(* The boundary set $\partial\Xi=\{\xi\in\Xi:\ \kappa(\xi)>1\}$ is infinite; that is, there are infinitely many $\xi\in\Xi$ which are the fractional part of at least two distinct periodic points of the scaling map $\gamma$.
   Context: Let $\lambda$ be the real root of $x^3+x^2+x-1$, $\omega=\lambda^3=1-\lambda-\lambda^2$. Every $x\in\mathbb{Q}(\lambda)$ is uniquely $x=r_0+r_1\lambda+r_2\lambda^2$ with $r_i\in\mathbb{Q}$; set $\Xi=\{\xi_0+\xi_1\lambda+\xi_2\lambda^2:\ \xi_i\in\mathbb{Q}\cap[0,1)\}$ and $\Pi_f(x)=\{r_0\}+\{r_1\}\lambda+\{r_2\}\lambda^2\in\Xi$ (fractional parts of coordinates). Scaling map: put $N=7$ and the data (for $j=0,\dots,6$): $\tau_0=\lambda+\lambda^2$, $\tau_1=-1+3\lambda$, $\tau_2=\lambda-\lambda^2$, $\tau_3=-1+2\lambda+\lambda^2$, $\tau_4=1-\lambda-\lambda^2$, $\tau_5=\lambda-\lambda^2$, $\tau_6=-\lambda$; $(\nu_0,\dots,\nu_6)=(4,13,12,8,8,12,4)$; path function $p(j,t)$, $0\le t<\nu_j$, is the $(t+1)$-th entry of the list: $j=0$: $(0,6,3,6)$; $j=1$: $(0,6,3,6,1,6,2,5,6,1,6,3,6)$; $j=2$: $(0,6,3,6,1,6,2,5,6,2,4,6)$; $j=3$: $(0,6,3,6,1,6,3,6)$; $j=4$: $(0,6,4,5,6,2,4,6)$; $j=5$: $(0,6,4,5,6,2,5,6,1,6,3,6)$; $j=6$: $(0,6,4,6)$. Let $\mathcal{V}$ be the set of sequences $\sigma=((j_1,t_1),(j_2,t_2),\dots)$ with $0\le j_k\le 6$, $0\le t_k<\nu_{j_k}$, $j_k=p(j_{k+1},t_{k+1})$ for all $k\ge1$, and which do not end in any of the tails $(1,9)^\infty,(2,6)^\infty,(3,2)^\infty,(4,6)^\infty,(5,3)^\infty,(6,1)^\infty$. Put $d_i=\sum_{t=0}^{t_i-1}\tau_{p(j_i,t)}$ and $x(\sigma)=\sum_{i\ge1}d_i\omega^{i-1}$; the map $\sigma\mapsto x(\sigma)$ is a bijection $\mathcal{V}\to[0,1)$. The scaling map $\gamma:[0,1)\to[0,1)$ is $\gamma(x)=(x-d_1)\omega^{-1}$, where $d_1$ is the first digit of the code of $x$; it is conjugate to the left shift on $\mathcal{V}$. A periodic point of $\gamma$ is an $x$ with $\gamma^n(x)=x$ for some $n\ge1$. For $\xi\in\Xi$, the multiplicity $\kappa(\xi)$ is the number of periodic points $x$ of $\gamma$ with $\Pi_f(x)=\xi$. *)

theory Defs
  imports Complex_Main "HOL-Library.Extended_Nat"
begin

text \<open>lambda: the real root of x^3 + x^2 + x - 1 (unique, since the polynomial is strictly increasing).\<close>
definition lam :: real where
  "lam = (THE x::real. x ^ 3 + x ^ 2 + x - 1 = 0)"

definition omega :: real where
  "omega = lam ^ 3"

definition in_Qlam :: "real \<Rightarrow> bool" where
  "in_Qlam x \<longleftrightarrow> (\<exists>r0 r1 r2 :: rat. x = of_rat r0 + of_rat r1 * lam + of_rat r2 * lam ^ 2)"

definition coords :: "real \<Rightarrow> rat \<times> rat \<times> rat" where
  "coords x = (THE (r0, r1, r2). x = of_rat r0 + of_rat r1 * lam + of_rat r2 * lam ^ 2)"

definition Pi_f :: "real \<Rightarrow> real" where
  "Pi_f x = (case coords x of (r0, r1, r2) \<Rightarrow>
      of_rat (frac r0) + of_rat (frac r1) * lam + of_rat (frac r2) * lam ^ 2)"

definition Xi :: "real set" where
  "Xi = {of_rat a0 + of_rat a1 * lam + of_rat a2 * lam ^ 2 | a0 a1 a2 :: rat.
          0 \<le> a0 \<and> a0 < 1 \<and> 0 \<le> a1 \<and> a1 < 1 \<and> 0 \<le> a2 \<and> a2 < 1}"

definition tau_list :: "real list" where
  "tau_list = [lam + lam ^ 2, -1 + 3 * lam, lam - lam ^ 2, -1 + 2 * lam + lam ^ 2,
               1 - lam - lam ^ 2, lam - lam ^ 2, - lam]"

definition tau :: "nat \<Rightarrow> real" where
  "tau j = tau_list ! j"

definition nu :: "nat \<Rightarrow> nat" where
  "nu j = [4, 13, 12, 8, 8, 12, 4] ! j"

definition path_list :: "nat list list" where
  "path_list =
    [[0,6,3,6],
     [0,6,3,6,1,6,2,5,6,1,6,3,6],
     [0,6,3,6,1,6,2,5,6,2,4,6],
     [0,6,3,6,1,6,3,6],
     [0,6,4,5,6,2,4,6],
     [0,6,4,5,6,2,5,6,1,6,3,6],
     [0,6,4,6]]"

definition p :: "nat \<Rightarrow> nat \<Rightarrow> nat" where
  "p j t = path_list ! j ! t"

text \<open>Sequences sigma = ((j_1,t_1),(j_2,t_2),...) are encoded as functions on nat,
  with sigma 0 = (j_1,t_1).\<close>
definition excluded_tails :: "(nat \<times> nat) set" where
  "excluded_tails = {(1,9), (2,6), (3,2), (4,6), (5,3), (6,1)}"

definition V :: "(nat \<Rightarrow> nat \<times> nat) set" where
  "V = {\<sigma>. (\<forall>k. fst (\<sigma> k) \<le> 6 \<and> snd (\<sigma> k) < nu (fst (\<sigma> k)))
          \<and> (\<forall>k. fst (\<sigma> k) = p (fst (\<sigma> (Suc k))) (snd (\<sigma> (Suc k))))
          \<and> \<not> (\<exists>a\<in>excluded_tails. \<exists>m. \<forall>k\<ge>m. \<sigma> k = a)}"

definition digit :: "nat \<times> nat \<Rightarrow> real" where
  "digit jt = (\<Sum>t<snd jt. tau (p (fst jt) t))"

definition xval :: "(nat \<Rightarrow> nat \<times> nat) \<Rightarrow> real" where
  "xval \<sigma> = (\<Sum>i. digit (\<sigma> i) * omega ^ i)"

definition code :: "real \<Rightarrow> (nat \<Rightarrow> nat \<times> nat)" where
  "code x = (THE \<sigma>. \<sigma> \<in> V \<and> xval \<sigma> = x)"

definition gamma :: "real \<Rightarrow> real" where
  "gamma x = (x - digit (code x 0)) / omega"

definition periodic_point :: "real \<Rightarrow> bool" where
  "periodic_point x \<longleftrightarrow> x \<in> {0..<1} \<and> (\<exists>n\<ge>1. (gamma ^^ n) x = x)"

definition kappa :: "real \<Rightarrow> enat" where
  "kappa \<xi> = (let S = {x. periodic_point x \<and> in_Qlam x \<and> Pi_f x = \<xi>}
              in if finite S then enat (card S) else \<infinity>)"

definition boundary_Xi :: "real set" where
  "boundary_Xi = {\<xi> \<in> Xi. kappa \<xi> > 1}"

end

theory Submission
  imports Defs "HOL-Number_Theory.Cong"
begin

text \<open>
  For every period \<open>n \<ge> 2\<close> the codes \<open>code_a n\<close> and \<open>code_b n\<close> below are
  admissible and periodic, and their values differ by \<open>(1 - \<lambda>)\<^sup>2 \<in> \<int>[\<lambda>]\<close>; so
  \<open>x\<^sub>n = x(code_b n)\<close> and \<open>x\<^sub>n + (1 - \<lambda>)\<^sup>2\<close> are two periodic points with the same fractional
  part, and \<open>\<Pi>\<^sub>f(x\<^sub>n)\<close> lies on the boundary. Here \<open>x\<^sub>n (1 - \<omega>\<^sup>n) = 2\<lambda>\<^sup>2 - \<lambda>\<close>. If the
  boundary were finite, its points would have a common denominator \<open>D\<close>, so \<open>D x\<^sub>n \<in> \<int>[\<lambda>]\<close>
  for all \<open>n\<close>. As \<open>\<omega>\<close> is a unit of \<open>\<int>[\<lambda>]\<close>, some \<open>\<omega>\<^sup>n\<close> with \<open>n \<ge> 2\<close> is \<open>\<equiv> 1\<close> modulo
  \<open>D + 1\<close>, and then \<open>D (2\<lambda>\<^sup>2 - \<lambda>) = D x\<^sub>n (1 - \<omega>\<^sup>n)\<close> would be divisible by \<open>D + 1\<close> in
  \<open>\<int>[\<lambda>]\<close>, which it is not since \<open>1, \<lambda>, \<lambda>\<^sup>2\<close> are linearly independent over \<open>\<rat>\<close>.

  To evaluate \<open>\<gamma>\<close> on these points, the coding must be injective on \<open>V\<close>: the images of the
  61 digits tile \<open>[0, 1)\<close> in a fixed order, and a code lies in the tile of its first digit,
  the excluded tails being exactly what keeps it off the right endpoints.
\<close>

section \<open>The real root \<open>\<lambda>\<close>\<close>

lemma cubic_strict_mono:
  fixes x y :: real
  assumes "x < y"
  shows "x ^ 3 + x ^ 2 + x < y ^ 3 + y ^ 2 + y"
proof -
  have "0 < (x + y) ^ 2 + (x + 1) ^ 2 + (y + 1) ^ 2"
    using assms by (smt (verit) power2_less_0 zero_less_power2)
  then have "0 < x ^ 2 + x * y + y ^ 2 + x + y + 1"
    by (simp add: power2_eq_square algebra_simps)
  then have "0 < (y - x) * (x ^ 2 + x * y + y ^ 2 + x + y + 1)"
    using assms by simp
  then show ?thesis
    by (simp add: power2_eq_square power3_eq_cube algebra_simps)
qed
****
# DESCRIPTION OF THE TASK
Scan the records above for the lines holding "text \<open>Sequences sigma" and "the same fractional". Transcribe those two and every line between them word for word, and no others.

# WRITTEN SOLUTION
text \<open>Sequences sigma = ((j_1,t_1),(j_2,t_2),...) are encoded as functions on nat,
  with sigma 0 = (j_1,t_1).\<close>
definition excluded_tails :: "(nat \<times> nat) set" where
  "excluded_tails = {(1,9), (2,6), (3,2), (4,6), (5,3), (6,1)}"

definition V :: "(nat \<Rightarrow> nat \<times> nat) set" where
  "V = {\<sigma>. (\<forall>k. fst (\<sigma> k) \<le> 6 \<and> snd (\<sigma> k) < nu (fst (\<sigma> k)))
          \<and> (\<forall>k. fst (\<sigma> k) = p (fst (\<sigma> (Suc k))) (snd (\<sigma> (Suc k))))
          \<and> \<not> (\<exists>a\<in>excluded_tails. \<exists>m. \<forall>k\<ge>m. \<sigma> k = a)}"

definition digit :: "nat \<times> nat \<Rightarrow> real" where
  "digit jt = (\<Sum>t<snd jt. tau (p (fst jt) t))"

definition xval :: "(nat \<Rightarrow> nat \<times> nat) \<Rightarrow> real" where
  "xval \<sigma> = (\<Sum>i. digit (\<sigma> i) * omega ^ i)"

definition code :: "real \<Rightarrow> (nat \<Rightarrow> nat \<times> nat)" where
  "code x = (THE \<sigma>. \<sigma> \<in> V \<and> xval \<sigma> = x)"

definition gamma :: "real \<Rightarrow> real" where
  "gamma x = (x - digit (code x 0)) / omega"

definition periodic_point :: "real \<Rightarrow> bool" where
  "periodic_point x \<longleftrightarrow> x \<in> {0..<1} \<and> (\<exists>n\<ge>1. (gamma ^^ n) x = x)"

definition kappa :: "real \<Rightarrow> enat" where
  "kappa \<xi> = (let S = {x. periodic_point x \<and> in_Qlam x \<and> Pi_f x = \<xi>}
              in if finite S then enat (card S) else \<infinity>)"

definition boundary_Xi :: "real set" where
  "boundary_Xi = {\<xi> \<in> Xi. kappa \<xi> > 1}"

end

theory Submission
  imports Defs "HOL-Number_Theory.Cong"
begin

text \<open>
  For every period \<open>n \<ge> 2\<close> the codes \<open>code_a n\<close> and \<open>code_b n\<close> below are
  admissible and periodic, and their values differ by \<open>(1 - \<lambda>)\<^sup>2 \<in> \<int>[\<lambda>]\<close>; so
  \<open>x\<^sub>n = x(code_b n)\<close> and \<open>x\<^sub>n + (1 - \<lambda>)\<^sup>2\<close> are two periodic points with the same fractional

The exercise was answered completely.